The Finnish casualties, one fallen, one missing, and eight wounded, surprised them, as the Finns assessed the attack as particularly dangerous, and thought only few of them would survive. Paavo Kinnunen was the Finnish fallen.

The missing man, then cook, Matti Fält, had accidentally ended up in woods behind the Russian positions, where he was shot in the eye, rendering him unconscious. After gaining consciousness he spotted two Russians, who he ambushed by playing dead and killing them with his bayonet when they came to check on him. The exertion made him lose consciousness again, and after he woke up, he ate and drank. After locating the starting point of the German attack by climbing on the lower branches of a tree, he crawled towards German positions, and managed to gain the attention of German trench lookouts by waving his handkerchief and hat on his bayonet. A patrol was sent out, and he was carried back to the German lines on the 28th. Fält would die from his wounds at a military hospital in Hannover on 13 August 1917, over a year after receiving his wounds. He received the Iron Cross.

The Finnish engineers would rest at the Saale mansion till 27 July, and return to near Smārde on 14 August 1916 to conduct building and forest clearing work.

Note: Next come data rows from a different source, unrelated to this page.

text \<open>Let \<open>S = D U\<^sup>T (X + X\<^sup>T) U D\<close> with \<open>D = \<Lambda>^(-1/2)\<close>, and \<open>m = \<lambda>_min(S)\<close>.
  Because \<open>X X\<^sup>T = U \<Lambda> U\<^sup>T\<close>, the substitution \<open>y = U D z\<close> turns \<open>|z|^2\<close> into \<open>|X\<^sup>T y|^2\<close>
  and \<open>z\<^sup>T S z\<close> into \<open>y\<^sup>T (X + X\<^sup>T) y\<close>; hence \<open>m |X\<^sup>T y|^2 \<le> 2 y\<^sup>T X y\<close> for all \<open>y\<close>, which for
  \<open>y = X^(-T) X x\<close> reads \<open>m |X x|^2 \<le> 2 x\<^sup>T X x\<close>. Expanding,
  \<open>|(I - \<mu> X) x|^2 \<le> |x|^2 - \<mu> (m - \<mu>) |X x|^2\<close>, and \<open>|X x|\<close> is bounded below by a multiple
  of \<open>|x|\<close> since \<open>X\<close> is invertible.
  That \<open>\<lambda>_min\<close> of a symmetric matrix bounds its Rayleigh quotient from below is shown
  variationally: the infimum \<open>r\<close> of the quotient is an eigenvalue, for otherwise the positive
  semidefinite \<open>S - r I\<close> would be invertible, hence coercive, contradicting minimality of \<open>r\<close>.
  The grid structure enters only through \<open>X\<close> being square and invertible.\<close>

lemma nonneg_quadratic_discriminant:
  fixes a b c :: real
  assumes a: "0 \<le> a" and c: "0 \<le> c" and q: "\<And>t. 0 \<le> a + 2*b*t + c*t^2"
  shows "b^2 \<le> a*c"
proof (cases "c = 0")
  case True
  show ?thesis
  proof (rule ccontr)
    assume "\<not> ?thesis"
    hence b: "b \<noteq> 0" using True by auto
    have "0 \<le> a + 2*b*(-(a+1)/(2*b)) + c*(-(a+1)/(2*b))^2" by (rule q)
    also have "\<dots> = -1" using True b by (simp add: field_simps)
    finally show False by simp
  qed
next
  case False
  hence cp: "c > 0" using c by auto
  have "0 \<le> a + 2*b*(-b/c) + c*(-b/c)^2" by (rule q)
  also have "\<dots> = a - b^2/c" using cp by (simp add: field_simps power2_eq_square)
  finally have "b^2/c \<le> a" by simp
  thus ?thesis using cp by (simp add: field_simps mult.commute)
qed

lemma scalar_prod_self_nonneg: "0 \<le> (v::real vec) \<bullet> v"
  unfolding scalar_prod_def by (auto intro: sum_nonneg)

lemma scalar_prod_self_pos:
  assumes "(v::real vec) \<in> carrier_vec n" "v \<noteq> 0\<^sub>v n"
  shows "0 < v \<bullet> v"
proof (rule ccontr)
  assume "\<not> 0 < v \<bullet> v"
  hence "\<forall>i\<in>{0..<n}. v $ i * v $ i = 0"
    using assms(1) scalar_prod_self_nonneg[of v]
    by (subst sum_nonneg_eq_0_iff[symmetric]) (auto simp: scalar_prod_def)
  thus False using assms by (auto intro!: eq_vecI)
qed

lemma smult_mat_mult_vec:
  fixes A :: "real mat"
  assumes "dim_vec v = dim_col A"
  shows "(k \<cdot>\<^sub>m A) *\<^sub>v v = k \<cdot>\<^sub>v (A *\<^sub>v v)"
  using assms by (intro eq_vecI) (auto simp: scalar_prod_def sum_distrib_left algebra_simps)

lemma psd_form_cauchy_schwarz:
  fixes B :: "real mat"
  assumes B: "B \<in> carrier_mat n n" and sym: "transpose_mat B = B"
    and psd: "\<And>v. v \<in> carrier_vec n \<Longrightarrow> 0 \<le> v \<bullet> (B *\<^sub>v v)"
    and y: "y \<in> carrier_vec n" and z: "z \<in> carrier_vec n"
  shows "(y \<bullet> (B *\<^sub>v z))^2 \<le> (y \<bullet> (B *\<^sub>v y)) * (z \<bullet> (B *\<^sub>v z))"
proof (rule nonneg_quadratic_discriminant[OF psd[OF y] psd[OF z]])
  fix t :: real
  have swap: "z \<bullet> (B *\<^sub>v y) = y \<bullet> (B *\<^sub>v z)"
    using transpose_vec_mult_scalar[OF B y z] comm_scalar_prod[OF y, of "B *\<^sub>v z"] sym B z by simp
  have "0 \<le> (y + t \<cdot>\<^sub>v z) \<bullet> (B *\<^sub>v (y + t \<cdot>\<^sub>v z))" using psd y z by simp
  also have "B *\<^sub>v (y + t \<cdot>\<^sub>v z) = B *\<^sub>v y + t \<cdot>\<^sub>v (B *\<^sub>v z)"
    using B y z by (simp add: mult_add_distrib_mat_vec mult_mat_vec)
  also have "(y + t \<cdot>\<^sub>v z) \<bullet> (B *\<^sub>v y + t \<cdot>\<^sub>v (B *\<^sub>v z)) =
      y \<bullet> (B *\<^sub>v y) + 2 * (y \<bullet> (B *\<^sub>v z)) * t + (z \<bullet> (B *\<^sub>v z)) * t^2"
    using B y z swap
    by (simp add: add_scalar_prod_distrib[of _ n] scalar_prod_add_distrib[of _ n] power2_eq_square algebra_simps)
  finally show "0 \<le> y \<bullet> (B *\<^sub>v y) + 2 * (y \<bullet> (B *\<^sub>v z)) * t + (z \<bullet> (B *\<^sub>v z)) * t^2" .
qed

The Finns were lauded as good soldiers by their commanders. As word of the Finns' bravery reached lieutenant general Otto Wyneken, commander of the 29th Landwehr Infantry Regiment and a well-known teetotaller, came down to the company's position, and offered cigars and beer to the troops. The attack and the Finn's role in it also got a mention in the 8th Army's Order of the Day, and eight Jägers, Erik Jernström, Karl Mandelin, Maximilian Savonius, Unio Sarlin, Väinö Pesonen, and Fält, were awarded the Iron Cross second class.

==Commeration==
As the battle was the so-called Jäger engineers' (jääkäripioneeri) babtism by fire, its anniversary is celebrated as the branch's anniversary day, called Schmarden Day.

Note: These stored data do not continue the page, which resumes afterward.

(* Let $n\ge q\ge1$ and let $\mathcal{S}$ be a set of two-factor interactions $F_iF_j$ among $n$ factors $F_1,\dots,F_n$. Suppose at least one of the following holds: (i) every factor appears in at most $2^q-1$ interactions of $\mathcal{S}$, and there is no set of $2^q$ factors such that $\mathcal{S}$ contains all $\binom{2^q}{2}$ pairwise interactions among them; (ii) there are at most $2^q-1$ factors each of which appears in at least $2^q-1$ interactions of $\mathcal{S}$. Then there exists a blocked $2^n$ factorial in blocks of size $2^q$ from which all main effects and all interactions in $\mathcal{S}$ are estimable.
   Context: A blocked $2^n$ factorial in blocks of size $2^q$ is specified by a $q\times n$ generator matrix $X$ over $\mathrm{GF}(2)$ of rank $q$: the principal block is the row space of $X$ and the other blocks are its cosets in $\mathrm{GF}(2)^n$. An effect of a set $S$ of factors, with contrast $(-1)^{\sum_{j\in S}x_j}$, is estimable iff its contrast sums to zero over every block. *)

theory Defs
  imports Main
begin

text \<open>Vectors of GF(2)^n are represented as boolean functions on nat vanishing
  outside {0..<n}; True stands for 1 in GF(2).\<close>

definition gf2_vecs :: "nat \<Rightarrow> (nat \<Rightarrow> bool) set" where
  "gf2_vecs n = {x. \<forall>i\<ge>n. \<not> x i}"

definition gf2_add :: "(nat \<Rightarrow> bool) \<Rightarrow> (nat \<Rightarrow> bool) \<Rightarrow> (nat \<Rightarrow> bool)" where
  "gf2_add x y = (\<lambda>i. x i \<noteq> y i)"

text \<open>A q x n generator matrix X is given by its rows X 0, ..., X (q-1).
  The GF(2)-sum of the rows indexed by T is computed componentwise as a parity.\<close>

definition gf2_rowsum :: "(nat \<Rightarrow> nat \<Rightarrow> bool) \<Rightarrow> nat set \<Rightarrow> (nat \<Rightarrow> bool)" where
  "gf2_rowsum X T = (\<lambda>j. odd (card {k \<in> T. X k j}))"

definition gf2_rowspace :: "nat \<Rightarrow> (nat \<Rightarrow> nat \<Rightarrow> bool) \<Rightarrow> (nat \<Rightarrow> bool) set" where
  "gf2_rowspace q X = {gf2_rowsum X T | T. T \<subseteq> {..<q}}"

definition gen_matrix :: "nat \<Rightarrow> nat \<Rightarrow> (nat \<Rightarrow> nat \<Rightarrow> bool) \<Rightarrow> bool" where
  "gen_matrix q n X \<longleftrightarrow>
     (\<forall>k<q. X k \<in> gf2_vecs n) \<and>
     (\<forall>T. T \<subseteq> {..<q} \<and> T \<noteq> {} \<longrightarrow> gf2_rowsum X T \<noteq> (\<lambda>_. False))"

definition blocks :: "nat \<Rightarrow> nat \<Rightarrow> (nat \<Rightarrow> nat \<Rightarrow> bool) \<Rightarrow> (nat \<Rightarrow> bool) set set" where
  "blocks n q X = {(gf2_add a) ` gf2_rowspace q X | a. a \<in> gf2_vecs n}"

definition contrast :: "nat set \<Rightarrow> (nat \<Rightarrow> bool) \<Rightarrow> int" where
  "contrast S x = (-1) ^ card {j \<in> S. x j}"

definition estimable :: "nat \<Rightarrow> nat \<Rightarrow> (nat \<Rightarrow> nat \<Rightarrow> bool) \<Rightarrow> nat set \<Rightarrow> bool" where
  "estimable n q X S \<longleftrightarrow> (\<forall>B \<in> blocks n q X. (\<Sum>x\<in>B. contrast S x) = 0)"

definition deg :: "nat set set \<Rightarrow> nat \<Rightarrow> nat" where
  "deg I i = card {e \<in> I. i \<in> e}"

end

theory Submission
  imports Defs "HOL-Combinatorics.Transposition"
begin

text \<open>Label every factor \<open>j\<close> by a nonzero vector \<open>m j\<close> of \<open>GF(2)^q\<close> and take the binary
  expansions of the labels as the columns of \<open>X\<close>. The main effect of \<open>j\<close> is then estimable
  because \<open>m j \<noteq> 0\<close>, the interaction of \<open>i\<close> and \<open>j\<close> because \<open>m i \<noteq> m j\<close>, and \<open>X\<close> has rank \<open>q\<close>
  as soon as the \<open>q\<close> unit vectors occur as labels. So it suffices to colour the interaction
  graph properly with the \<open>2^q - 1\<close> nonzero vectors, using at least \<open>q\<close> of them, which is
  possible since \<open>n \<ge> q\<close>. Under (i) such a colouring exists by Brooks' theorem, as
  \<open>2^q - 1 \<noteq> 2\<close>. Under (ii) every set of factors contains one with fewer than \<open>2^q - 1\<close>
  neighbours inside the set (a factor of small degree, or any factor if all of them are among
  the at most \<open>2^q - 1\<close> factors of large degree), so greedy colouring succeeds.

  Brooks' theorem is proved by induction on the graph: a vertex of small degree, a cut vertex
  or a separating pair of vertices reduce it to smaller graphs, and in the remaining regular,
  3-connected case two non-adjacent neighbours of a vertex receive the same colour and the
  rest is coloured greedily (Lovasz).\<close>

section \<open>Colourings of graphs\<close>

definition nbrs :: "('a \<Rightarrow> 'a \<Rightarrow> bool) \<Rightarrow> 'a set \<Rightarrow> 'a \<Rightarrow> 'a set" where
  "nbrs E S v = {u \<in> S. E v u}"

definition proper_colouring :: "('a \<Rightarrow> 'a \<Rightarrow> bool) \<Rightarrow> 'a set \<Rightarrow> ('a \<Rightarrow> nat) \<Rightarrow> bool" where
  "proper_colouring E V c \<longleftrightarrow> (\<forall>u\<in>V. \<forall>v\<in>V. E u v \<longrightarrow> c u \<noteq> c v)"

On the 100th anniversary of the battle, a monument commemorating the battle was revealed in Smārde in the presence of both Finnish and Latvian Ministers of Defence, Jussi Niinistö and Raimonds Bergmanis, the ambassador of Finland to Latvia, and around 50 personnel from the Finnish Defence Forces, including Commander of the Finnish Army Seppo Toivonen, Inspector of Engineering and CBRNe Jouko Rauhala, a colour guard, and a section from the Guards Band with the opera singer Heikki Aalto. The song Schmarden, set the tune of Argonnerwaldlied, was debuted at the ceremony. It was recorded and published in 2026, with Aalto as a bass-baritone, and a brass septet from the Guards Band accompanying him.

The monument is made of orbicular granite with the battle's date and symbols of the Finnish Jägers and Engineers inscribed in gold. It was erected by The Schmarden Memorial Committee, started in the Engineer Branch Association, which worked with the 27th Jäger Battalion Tradition League.